#### Available records
· · ·

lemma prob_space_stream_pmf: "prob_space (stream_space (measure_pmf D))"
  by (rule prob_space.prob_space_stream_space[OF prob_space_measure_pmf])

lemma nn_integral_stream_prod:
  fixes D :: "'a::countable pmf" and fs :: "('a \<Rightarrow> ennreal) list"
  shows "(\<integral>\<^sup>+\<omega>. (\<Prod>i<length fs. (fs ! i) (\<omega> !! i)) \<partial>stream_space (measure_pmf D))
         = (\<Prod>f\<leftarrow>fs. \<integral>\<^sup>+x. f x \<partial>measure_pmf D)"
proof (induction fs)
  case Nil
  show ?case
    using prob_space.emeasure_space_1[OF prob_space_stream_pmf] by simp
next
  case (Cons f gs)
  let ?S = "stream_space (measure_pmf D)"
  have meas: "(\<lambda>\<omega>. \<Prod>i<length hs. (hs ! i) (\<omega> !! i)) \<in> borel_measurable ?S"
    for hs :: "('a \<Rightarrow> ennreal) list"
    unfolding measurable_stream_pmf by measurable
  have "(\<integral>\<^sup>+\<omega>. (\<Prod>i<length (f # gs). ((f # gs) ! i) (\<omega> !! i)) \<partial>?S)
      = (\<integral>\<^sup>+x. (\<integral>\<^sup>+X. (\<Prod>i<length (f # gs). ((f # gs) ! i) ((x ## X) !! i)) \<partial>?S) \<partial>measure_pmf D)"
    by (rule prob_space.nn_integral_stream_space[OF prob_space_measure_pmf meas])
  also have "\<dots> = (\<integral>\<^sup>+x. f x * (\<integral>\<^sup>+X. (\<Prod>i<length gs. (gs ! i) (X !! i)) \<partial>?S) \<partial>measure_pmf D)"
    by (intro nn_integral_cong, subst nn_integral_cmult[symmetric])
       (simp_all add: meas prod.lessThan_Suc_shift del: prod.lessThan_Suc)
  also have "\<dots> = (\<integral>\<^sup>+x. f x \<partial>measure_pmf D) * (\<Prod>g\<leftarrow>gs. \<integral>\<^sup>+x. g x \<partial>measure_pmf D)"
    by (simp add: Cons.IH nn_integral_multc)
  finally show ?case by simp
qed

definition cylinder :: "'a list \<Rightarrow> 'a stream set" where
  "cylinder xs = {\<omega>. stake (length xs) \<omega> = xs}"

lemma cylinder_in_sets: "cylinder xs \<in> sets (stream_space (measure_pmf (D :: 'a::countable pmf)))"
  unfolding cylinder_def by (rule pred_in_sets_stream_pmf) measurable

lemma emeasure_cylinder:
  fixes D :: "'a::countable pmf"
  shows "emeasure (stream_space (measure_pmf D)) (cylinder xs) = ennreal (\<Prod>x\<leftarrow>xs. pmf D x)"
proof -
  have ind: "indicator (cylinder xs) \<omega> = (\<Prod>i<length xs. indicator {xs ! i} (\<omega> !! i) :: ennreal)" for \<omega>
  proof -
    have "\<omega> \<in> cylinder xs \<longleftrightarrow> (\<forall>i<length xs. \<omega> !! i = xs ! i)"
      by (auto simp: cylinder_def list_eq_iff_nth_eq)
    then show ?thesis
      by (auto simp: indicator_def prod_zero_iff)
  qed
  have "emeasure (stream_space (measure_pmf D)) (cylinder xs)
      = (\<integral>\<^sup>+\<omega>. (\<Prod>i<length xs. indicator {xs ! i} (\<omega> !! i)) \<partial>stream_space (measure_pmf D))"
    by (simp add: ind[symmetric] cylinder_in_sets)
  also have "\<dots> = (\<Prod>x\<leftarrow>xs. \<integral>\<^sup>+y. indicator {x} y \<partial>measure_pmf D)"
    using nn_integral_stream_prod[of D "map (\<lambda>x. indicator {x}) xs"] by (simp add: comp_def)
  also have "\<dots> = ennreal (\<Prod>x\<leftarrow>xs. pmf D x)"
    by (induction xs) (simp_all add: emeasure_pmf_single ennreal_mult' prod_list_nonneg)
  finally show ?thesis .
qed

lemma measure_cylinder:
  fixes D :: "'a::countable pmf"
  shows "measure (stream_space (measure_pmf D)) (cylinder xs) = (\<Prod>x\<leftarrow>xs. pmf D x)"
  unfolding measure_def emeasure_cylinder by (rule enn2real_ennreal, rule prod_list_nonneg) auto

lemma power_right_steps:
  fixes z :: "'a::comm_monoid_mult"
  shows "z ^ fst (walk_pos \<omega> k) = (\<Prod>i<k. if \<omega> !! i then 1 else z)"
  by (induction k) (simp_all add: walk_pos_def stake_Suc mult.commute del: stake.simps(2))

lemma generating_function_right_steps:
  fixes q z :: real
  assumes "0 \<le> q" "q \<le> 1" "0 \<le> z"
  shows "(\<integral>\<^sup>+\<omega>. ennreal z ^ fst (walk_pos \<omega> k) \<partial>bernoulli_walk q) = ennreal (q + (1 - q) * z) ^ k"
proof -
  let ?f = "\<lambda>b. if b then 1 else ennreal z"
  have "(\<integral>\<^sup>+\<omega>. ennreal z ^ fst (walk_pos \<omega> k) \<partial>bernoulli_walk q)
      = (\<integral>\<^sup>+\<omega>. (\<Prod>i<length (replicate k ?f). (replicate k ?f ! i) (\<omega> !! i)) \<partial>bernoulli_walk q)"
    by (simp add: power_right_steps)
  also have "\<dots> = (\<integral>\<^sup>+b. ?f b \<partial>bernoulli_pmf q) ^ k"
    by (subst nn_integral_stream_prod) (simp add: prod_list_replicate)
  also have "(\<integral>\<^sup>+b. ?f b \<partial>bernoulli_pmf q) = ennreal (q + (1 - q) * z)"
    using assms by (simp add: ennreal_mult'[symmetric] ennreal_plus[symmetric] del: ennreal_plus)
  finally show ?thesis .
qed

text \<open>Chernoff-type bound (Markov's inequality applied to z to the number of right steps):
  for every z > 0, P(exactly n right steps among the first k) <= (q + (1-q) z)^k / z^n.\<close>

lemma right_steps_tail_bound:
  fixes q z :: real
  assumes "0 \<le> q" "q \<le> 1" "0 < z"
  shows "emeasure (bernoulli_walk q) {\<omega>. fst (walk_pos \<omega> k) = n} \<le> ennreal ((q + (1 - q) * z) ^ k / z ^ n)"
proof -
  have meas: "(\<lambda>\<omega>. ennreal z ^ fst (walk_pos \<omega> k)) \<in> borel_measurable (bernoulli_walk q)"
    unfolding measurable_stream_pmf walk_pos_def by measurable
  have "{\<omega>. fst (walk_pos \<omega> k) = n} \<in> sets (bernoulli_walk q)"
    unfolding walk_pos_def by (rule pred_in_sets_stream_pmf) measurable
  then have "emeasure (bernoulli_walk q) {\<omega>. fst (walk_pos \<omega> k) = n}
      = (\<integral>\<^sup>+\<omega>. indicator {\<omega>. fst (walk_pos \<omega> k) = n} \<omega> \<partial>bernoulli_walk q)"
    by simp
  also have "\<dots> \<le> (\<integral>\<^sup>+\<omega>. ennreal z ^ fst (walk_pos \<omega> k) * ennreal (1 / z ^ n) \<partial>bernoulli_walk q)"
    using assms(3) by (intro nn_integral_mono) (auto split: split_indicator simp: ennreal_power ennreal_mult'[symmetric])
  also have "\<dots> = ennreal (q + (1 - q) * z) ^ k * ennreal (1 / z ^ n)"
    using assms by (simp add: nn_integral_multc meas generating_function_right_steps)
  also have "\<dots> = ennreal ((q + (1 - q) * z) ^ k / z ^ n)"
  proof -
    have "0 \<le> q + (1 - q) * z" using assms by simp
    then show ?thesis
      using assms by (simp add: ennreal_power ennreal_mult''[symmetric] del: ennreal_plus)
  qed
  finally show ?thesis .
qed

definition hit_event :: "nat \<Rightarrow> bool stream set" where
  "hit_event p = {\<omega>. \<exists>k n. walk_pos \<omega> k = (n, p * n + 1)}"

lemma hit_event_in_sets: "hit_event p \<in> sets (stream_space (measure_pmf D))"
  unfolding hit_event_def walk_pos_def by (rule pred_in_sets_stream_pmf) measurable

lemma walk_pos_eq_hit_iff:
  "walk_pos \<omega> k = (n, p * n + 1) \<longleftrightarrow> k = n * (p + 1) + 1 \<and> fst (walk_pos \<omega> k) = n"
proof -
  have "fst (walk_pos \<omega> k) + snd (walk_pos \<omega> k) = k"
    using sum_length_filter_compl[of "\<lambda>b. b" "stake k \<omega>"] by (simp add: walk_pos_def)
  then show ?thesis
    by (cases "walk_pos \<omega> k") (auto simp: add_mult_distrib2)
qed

· · ·

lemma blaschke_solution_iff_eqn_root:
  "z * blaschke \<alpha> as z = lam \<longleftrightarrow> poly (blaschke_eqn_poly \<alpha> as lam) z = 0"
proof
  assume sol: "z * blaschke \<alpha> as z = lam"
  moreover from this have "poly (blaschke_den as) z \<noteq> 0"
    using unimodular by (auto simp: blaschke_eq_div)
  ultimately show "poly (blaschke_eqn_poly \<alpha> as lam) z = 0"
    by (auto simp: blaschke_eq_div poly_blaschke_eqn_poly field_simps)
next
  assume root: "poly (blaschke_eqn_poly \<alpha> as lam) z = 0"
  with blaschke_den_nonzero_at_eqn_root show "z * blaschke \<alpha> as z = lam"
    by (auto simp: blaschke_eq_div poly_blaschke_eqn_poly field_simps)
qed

· · ·

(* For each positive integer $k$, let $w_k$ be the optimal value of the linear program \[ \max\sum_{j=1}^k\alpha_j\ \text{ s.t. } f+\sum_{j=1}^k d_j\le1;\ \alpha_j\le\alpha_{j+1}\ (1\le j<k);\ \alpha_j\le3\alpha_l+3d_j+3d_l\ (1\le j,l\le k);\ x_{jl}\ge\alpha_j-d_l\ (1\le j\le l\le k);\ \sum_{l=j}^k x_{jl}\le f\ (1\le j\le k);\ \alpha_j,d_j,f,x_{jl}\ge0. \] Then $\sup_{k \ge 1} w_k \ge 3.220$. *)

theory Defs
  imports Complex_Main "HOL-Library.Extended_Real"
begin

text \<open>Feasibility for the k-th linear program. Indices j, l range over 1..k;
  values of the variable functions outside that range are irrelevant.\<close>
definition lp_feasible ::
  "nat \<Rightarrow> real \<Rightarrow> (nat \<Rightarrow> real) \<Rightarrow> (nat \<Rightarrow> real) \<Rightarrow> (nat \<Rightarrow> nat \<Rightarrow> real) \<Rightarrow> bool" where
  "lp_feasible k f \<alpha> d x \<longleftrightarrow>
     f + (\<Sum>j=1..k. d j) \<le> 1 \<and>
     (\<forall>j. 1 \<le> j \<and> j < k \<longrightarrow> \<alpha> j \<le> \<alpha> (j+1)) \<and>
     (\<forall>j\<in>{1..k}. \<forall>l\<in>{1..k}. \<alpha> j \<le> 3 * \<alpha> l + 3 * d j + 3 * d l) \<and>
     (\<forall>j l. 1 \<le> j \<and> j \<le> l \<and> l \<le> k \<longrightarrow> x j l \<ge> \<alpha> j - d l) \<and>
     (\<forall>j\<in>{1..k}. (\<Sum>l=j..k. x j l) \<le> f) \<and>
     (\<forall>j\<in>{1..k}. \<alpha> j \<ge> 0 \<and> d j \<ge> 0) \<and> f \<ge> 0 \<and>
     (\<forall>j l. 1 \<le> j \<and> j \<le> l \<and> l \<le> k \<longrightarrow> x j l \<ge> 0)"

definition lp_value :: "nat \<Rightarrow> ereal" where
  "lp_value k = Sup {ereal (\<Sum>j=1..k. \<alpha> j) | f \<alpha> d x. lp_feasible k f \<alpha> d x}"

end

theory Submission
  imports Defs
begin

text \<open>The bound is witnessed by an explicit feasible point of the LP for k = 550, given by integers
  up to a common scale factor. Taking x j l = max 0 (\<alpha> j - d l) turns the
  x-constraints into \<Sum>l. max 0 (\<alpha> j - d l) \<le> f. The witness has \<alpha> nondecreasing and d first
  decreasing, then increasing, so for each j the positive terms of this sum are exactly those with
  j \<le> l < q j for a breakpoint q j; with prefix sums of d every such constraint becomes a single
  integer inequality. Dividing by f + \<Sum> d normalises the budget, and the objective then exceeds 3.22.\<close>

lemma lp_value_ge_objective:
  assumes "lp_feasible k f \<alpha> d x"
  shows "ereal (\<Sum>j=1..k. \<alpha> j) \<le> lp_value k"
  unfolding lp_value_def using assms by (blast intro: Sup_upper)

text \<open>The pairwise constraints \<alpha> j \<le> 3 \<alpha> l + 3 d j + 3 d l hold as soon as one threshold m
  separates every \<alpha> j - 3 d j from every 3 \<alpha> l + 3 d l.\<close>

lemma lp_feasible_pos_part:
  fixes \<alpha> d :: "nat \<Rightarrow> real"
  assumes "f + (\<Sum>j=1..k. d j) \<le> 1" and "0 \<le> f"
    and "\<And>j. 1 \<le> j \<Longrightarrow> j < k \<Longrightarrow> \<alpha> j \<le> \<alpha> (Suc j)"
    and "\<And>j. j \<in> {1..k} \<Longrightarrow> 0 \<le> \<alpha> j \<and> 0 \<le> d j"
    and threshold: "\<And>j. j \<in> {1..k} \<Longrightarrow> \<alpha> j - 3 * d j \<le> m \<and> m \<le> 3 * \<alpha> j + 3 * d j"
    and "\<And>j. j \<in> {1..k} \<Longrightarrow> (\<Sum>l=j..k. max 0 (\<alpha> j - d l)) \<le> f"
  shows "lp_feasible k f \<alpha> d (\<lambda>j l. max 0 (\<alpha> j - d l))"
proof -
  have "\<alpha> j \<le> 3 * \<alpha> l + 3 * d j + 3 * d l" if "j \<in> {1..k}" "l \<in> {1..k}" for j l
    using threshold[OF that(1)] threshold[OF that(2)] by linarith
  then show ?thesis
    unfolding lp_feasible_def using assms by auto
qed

· · ·

Within the listing above, the range opens at the line with "up to a common" and closes at the line with "decreasing, then increasing, so". Reproduce exactly the lines of that range, including both ends.

  up to a common scale factor. Taking x j l = max 0 (\<alpha> j - d l) turns the
  x-constraints into \<Sum>l. max 0 (\<alpha> j - d l) \<le> f. The witness has \<alpha> nondecreasing and d first
  decreasing, then increasing, so for each j the positive terms of this sum are exactly those with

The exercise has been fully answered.